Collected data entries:
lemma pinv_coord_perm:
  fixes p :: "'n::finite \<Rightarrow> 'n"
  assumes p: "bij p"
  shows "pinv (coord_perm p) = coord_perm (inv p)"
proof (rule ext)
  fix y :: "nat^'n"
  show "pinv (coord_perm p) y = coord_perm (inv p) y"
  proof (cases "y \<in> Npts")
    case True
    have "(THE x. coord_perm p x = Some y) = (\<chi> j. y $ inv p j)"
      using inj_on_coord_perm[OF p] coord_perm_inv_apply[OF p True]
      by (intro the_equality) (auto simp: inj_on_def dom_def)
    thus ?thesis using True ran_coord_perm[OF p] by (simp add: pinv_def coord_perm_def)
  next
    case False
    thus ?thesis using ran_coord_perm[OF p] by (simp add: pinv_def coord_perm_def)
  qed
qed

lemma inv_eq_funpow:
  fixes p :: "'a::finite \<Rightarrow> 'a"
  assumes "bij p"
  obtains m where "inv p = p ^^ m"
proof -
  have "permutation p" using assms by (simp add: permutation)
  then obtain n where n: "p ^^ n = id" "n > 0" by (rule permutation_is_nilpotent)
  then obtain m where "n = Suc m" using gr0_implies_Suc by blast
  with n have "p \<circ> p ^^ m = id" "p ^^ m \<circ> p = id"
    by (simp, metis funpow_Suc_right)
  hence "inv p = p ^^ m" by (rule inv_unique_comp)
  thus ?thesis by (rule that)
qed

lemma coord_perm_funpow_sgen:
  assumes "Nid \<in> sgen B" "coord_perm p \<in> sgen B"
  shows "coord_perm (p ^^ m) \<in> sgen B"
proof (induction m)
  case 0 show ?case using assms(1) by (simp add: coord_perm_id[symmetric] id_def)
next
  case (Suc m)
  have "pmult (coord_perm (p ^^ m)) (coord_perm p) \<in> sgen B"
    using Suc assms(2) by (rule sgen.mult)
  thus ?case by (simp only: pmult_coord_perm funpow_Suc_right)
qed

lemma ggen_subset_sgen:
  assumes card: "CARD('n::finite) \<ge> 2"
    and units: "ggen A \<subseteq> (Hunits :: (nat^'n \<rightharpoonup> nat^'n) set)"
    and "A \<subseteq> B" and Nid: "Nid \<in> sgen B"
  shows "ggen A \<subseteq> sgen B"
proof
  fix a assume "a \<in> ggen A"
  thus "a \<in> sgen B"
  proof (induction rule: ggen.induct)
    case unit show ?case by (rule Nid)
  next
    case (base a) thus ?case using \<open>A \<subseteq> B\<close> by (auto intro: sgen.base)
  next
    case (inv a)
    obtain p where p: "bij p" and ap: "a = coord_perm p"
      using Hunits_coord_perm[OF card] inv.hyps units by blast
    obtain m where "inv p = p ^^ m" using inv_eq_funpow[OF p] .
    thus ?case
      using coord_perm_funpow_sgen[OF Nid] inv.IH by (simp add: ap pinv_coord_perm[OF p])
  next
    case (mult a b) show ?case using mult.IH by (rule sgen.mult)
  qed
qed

> _TRY IT_
In the entries above, find each line that has the word "rule". Copy it.

> _EXPECTED OUTPUT_
proof (rule ext)
  then obtain n where n: "p ^^ n = id" "n > 0" by (rule permutation_is_nilpotent)
  hence "inv p = p ^^ m" by (rule inv_unique_comp)
  thus ?thesis by (rule that)
    using Suc assms(2) by (rule sgen.mult)
  proof (induction rule: ggen.induct)
    case unit show ?case by (rule Nid)
    case (mult a b) show ?case using mult.IH by (rule sgen.mult)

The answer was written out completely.